* [SOURCE RECORDS]:

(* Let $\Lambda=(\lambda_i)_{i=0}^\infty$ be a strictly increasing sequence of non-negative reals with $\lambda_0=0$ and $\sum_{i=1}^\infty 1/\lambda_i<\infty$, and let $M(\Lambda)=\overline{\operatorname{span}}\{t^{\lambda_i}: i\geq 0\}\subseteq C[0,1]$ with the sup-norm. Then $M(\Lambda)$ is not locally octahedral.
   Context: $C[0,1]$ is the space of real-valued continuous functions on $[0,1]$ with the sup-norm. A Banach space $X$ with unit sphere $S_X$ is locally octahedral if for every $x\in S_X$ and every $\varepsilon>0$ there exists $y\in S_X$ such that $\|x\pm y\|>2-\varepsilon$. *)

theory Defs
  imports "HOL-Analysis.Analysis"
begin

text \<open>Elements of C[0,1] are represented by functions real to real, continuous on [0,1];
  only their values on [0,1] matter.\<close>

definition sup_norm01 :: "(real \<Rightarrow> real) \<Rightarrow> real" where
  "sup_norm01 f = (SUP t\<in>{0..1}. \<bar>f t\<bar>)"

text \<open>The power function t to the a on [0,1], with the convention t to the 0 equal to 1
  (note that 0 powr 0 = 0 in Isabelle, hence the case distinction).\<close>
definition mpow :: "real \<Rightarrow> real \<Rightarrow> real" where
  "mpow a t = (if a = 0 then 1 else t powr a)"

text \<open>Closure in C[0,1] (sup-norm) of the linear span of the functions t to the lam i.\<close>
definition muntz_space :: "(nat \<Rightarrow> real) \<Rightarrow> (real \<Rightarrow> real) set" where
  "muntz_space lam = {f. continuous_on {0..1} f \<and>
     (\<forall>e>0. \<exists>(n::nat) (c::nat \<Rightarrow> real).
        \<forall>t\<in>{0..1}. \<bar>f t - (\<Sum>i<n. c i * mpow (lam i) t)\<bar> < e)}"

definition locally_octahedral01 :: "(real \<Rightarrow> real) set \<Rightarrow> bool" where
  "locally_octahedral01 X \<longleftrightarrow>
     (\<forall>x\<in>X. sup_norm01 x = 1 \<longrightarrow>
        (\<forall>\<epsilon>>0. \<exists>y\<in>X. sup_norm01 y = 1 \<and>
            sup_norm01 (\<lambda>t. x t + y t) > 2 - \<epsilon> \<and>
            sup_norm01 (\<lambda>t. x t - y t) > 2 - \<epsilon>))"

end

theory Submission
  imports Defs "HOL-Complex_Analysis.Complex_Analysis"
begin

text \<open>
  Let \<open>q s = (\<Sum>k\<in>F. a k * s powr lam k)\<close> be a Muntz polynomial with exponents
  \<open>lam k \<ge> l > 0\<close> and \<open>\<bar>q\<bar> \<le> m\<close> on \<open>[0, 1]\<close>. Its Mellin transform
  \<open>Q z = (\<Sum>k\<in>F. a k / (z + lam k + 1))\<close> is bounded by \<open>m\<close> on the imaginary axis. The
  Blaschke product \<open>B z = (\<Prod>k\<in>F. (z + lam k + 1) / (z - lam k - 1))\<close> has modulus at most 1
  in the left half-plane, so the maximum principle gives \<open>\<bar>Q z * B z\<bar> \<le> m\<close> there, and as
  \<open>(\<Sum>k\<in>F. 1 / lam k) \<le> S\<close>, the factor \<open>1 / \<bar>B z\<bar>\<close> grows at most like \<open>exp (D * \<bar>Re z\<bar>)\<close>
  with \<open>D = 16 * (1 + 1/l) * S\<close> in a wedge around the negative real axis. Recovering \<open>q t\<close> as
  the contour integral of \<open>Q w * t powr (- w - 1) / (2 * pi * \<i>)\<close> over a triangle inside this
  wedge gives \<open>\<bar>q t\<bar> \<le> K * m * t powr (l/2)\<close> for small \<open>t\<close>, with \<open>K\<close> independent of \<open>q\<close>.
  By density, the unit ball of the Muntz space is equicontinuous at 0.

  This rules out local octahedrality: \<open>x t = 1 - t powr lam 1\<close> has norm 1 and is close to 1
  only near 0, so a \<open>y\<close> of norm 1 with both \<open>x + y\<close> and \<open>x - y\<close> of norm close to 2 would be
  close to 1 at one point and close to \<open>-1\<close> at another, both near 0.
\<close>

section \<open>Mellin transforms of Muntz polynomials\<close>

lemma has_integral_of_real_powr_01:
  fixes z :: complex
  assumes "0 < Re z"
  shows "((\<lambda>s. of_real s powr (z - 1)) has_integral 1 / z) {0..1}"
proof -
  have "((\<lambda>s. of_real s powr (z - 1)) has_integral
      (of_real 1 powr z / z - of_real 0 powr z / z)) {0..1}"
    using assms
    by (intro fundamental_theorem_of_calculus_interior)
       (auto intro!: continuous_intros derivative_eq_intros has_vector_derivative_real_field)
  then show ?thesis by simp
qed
--
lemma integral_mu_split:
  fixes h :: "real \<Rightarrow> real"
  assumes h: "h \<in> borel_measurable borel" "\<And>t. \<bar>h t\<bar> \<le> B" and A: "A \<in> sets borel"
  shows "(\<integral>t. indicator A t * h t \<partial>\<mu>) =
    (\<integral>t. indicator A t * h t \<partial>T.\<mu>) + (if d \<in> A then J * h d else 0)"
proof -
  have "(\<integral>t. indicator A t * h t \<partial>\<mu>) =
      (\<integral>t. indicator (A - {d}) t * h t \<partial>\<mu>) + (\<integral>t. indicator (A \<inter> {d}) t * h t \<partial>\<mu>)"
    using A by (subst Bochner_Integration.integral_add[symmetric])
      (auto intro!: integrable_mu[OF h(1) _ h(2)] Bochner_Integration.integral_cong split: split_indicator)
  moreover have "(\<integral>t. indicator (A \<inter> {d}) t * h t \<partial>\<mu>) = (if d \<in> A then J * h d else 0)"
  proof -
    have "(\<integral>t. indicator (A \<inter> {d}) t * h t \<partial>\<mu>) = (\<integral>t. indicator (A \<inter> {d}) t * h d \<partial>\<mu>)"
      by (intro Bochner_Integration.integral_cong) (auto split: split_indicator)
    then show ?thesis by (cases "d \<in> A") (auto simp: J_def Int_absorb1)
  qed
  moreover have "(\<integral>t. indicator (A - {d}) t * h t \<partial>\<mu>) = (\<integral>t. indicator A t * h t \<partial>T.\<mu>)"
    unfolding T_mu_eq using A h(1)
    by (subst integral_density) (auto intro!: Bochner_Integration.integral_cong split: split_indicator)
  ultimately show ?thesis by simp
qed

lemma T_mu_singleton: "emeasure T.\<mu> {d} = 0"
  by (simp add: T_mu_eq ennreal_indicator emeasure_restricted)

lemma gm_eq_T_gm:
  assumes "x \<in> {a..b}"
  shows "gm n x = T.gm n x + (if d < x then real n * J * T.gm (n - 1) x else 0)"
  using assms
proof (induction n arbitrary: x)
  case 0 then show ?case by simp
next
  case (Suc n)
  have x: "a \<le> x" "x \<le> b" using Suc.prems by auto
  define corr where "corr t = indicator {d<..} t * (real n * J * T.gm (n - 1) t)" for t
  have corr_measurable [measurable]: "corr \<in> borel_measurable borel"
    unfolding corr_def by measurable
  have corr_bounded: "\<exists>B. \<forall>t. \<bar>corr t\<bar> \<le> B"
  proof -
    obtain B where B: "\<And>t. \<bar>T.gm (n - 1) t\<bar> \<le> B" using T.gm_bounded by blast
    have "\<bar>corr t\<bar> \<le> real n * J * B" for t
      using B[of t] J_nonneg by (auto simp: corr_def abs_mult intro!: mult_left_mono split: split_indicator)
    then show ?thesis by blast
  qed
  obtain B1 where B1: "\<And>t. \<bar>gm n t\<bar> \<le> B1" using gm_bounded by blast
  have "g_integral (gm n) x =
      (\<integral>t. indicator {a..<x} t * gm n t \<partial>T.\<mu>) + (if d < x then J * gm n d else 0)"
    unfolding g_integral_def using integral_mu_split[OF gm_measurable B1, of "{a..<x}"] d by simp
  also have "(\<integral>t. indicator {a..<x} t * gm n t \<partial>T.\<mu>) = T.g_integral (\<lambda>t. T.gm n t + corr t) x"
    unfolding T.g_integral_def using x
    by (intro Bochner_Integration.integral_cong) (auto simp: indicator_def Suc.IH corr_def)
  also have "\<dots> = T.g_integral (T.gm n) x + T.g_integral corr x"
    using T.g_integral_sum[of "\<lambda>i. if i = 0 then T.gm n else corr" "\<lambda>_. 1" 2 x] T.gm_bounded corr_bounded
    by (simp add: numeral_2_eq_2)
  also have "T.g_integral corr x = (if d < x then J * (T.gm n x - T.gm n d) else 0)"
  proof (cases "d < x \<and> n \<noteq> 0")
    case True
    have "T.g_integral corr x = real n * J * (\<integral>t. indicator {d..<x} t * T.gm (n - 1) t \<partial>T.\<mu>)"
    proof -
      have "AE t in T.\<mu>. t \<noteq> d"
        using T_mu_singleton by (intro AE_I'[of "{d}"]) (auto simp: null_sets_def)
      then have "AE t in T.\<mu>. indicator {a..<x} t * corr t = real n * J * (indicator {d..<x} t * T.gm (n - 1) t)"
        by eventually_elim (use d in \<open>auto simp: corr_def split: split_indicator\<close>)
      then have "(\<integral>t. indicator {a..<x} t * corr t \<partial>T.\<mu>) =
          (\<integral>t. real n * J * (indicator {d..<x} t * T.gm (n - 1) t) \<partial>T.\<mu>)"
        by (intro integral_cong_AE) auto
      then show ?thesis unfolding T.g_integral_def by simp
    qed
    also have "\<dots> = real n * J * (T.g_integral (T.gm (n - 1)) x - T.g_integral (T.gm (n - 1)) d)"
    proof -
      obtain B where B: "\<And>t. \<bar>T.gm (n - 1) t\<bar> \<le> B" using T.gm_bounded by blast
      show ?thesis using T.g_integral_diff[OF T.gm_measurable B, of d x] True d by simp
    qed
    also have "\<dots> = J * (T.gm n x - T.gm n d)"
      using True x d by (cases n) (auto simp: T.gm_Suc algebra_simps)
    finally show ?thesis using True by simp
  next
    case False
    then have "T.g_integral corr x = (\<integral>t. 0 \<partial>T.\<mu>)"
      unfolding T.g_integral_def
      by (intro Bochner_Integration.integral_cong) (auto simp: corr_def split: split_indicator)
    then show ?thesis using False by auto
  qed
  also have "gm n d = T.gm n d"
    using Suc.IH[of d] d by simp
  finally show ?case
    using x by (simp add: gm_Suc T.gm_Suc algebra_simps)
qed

* [PROMPT]: Pull every line containing the word "thesis" out of the entries above.

* [RESPONSE TO THIS EXERCISE]:
  then show ?thesis by simp
    then show ?thesis by (cases "d \<in> A") (auto simp: J_def Int_absorb1)
  ultimately show ?thesis by simp
    then show ?thesis by blast
      then show ?thesis unfolding T.g_integral_def by simp
      show ?thesis using T.g_integral_diff[OF T.gm_measurable B, of d x] True d by simp
    finally show ?thesis using True by simp
    then show ?thesis using False by auto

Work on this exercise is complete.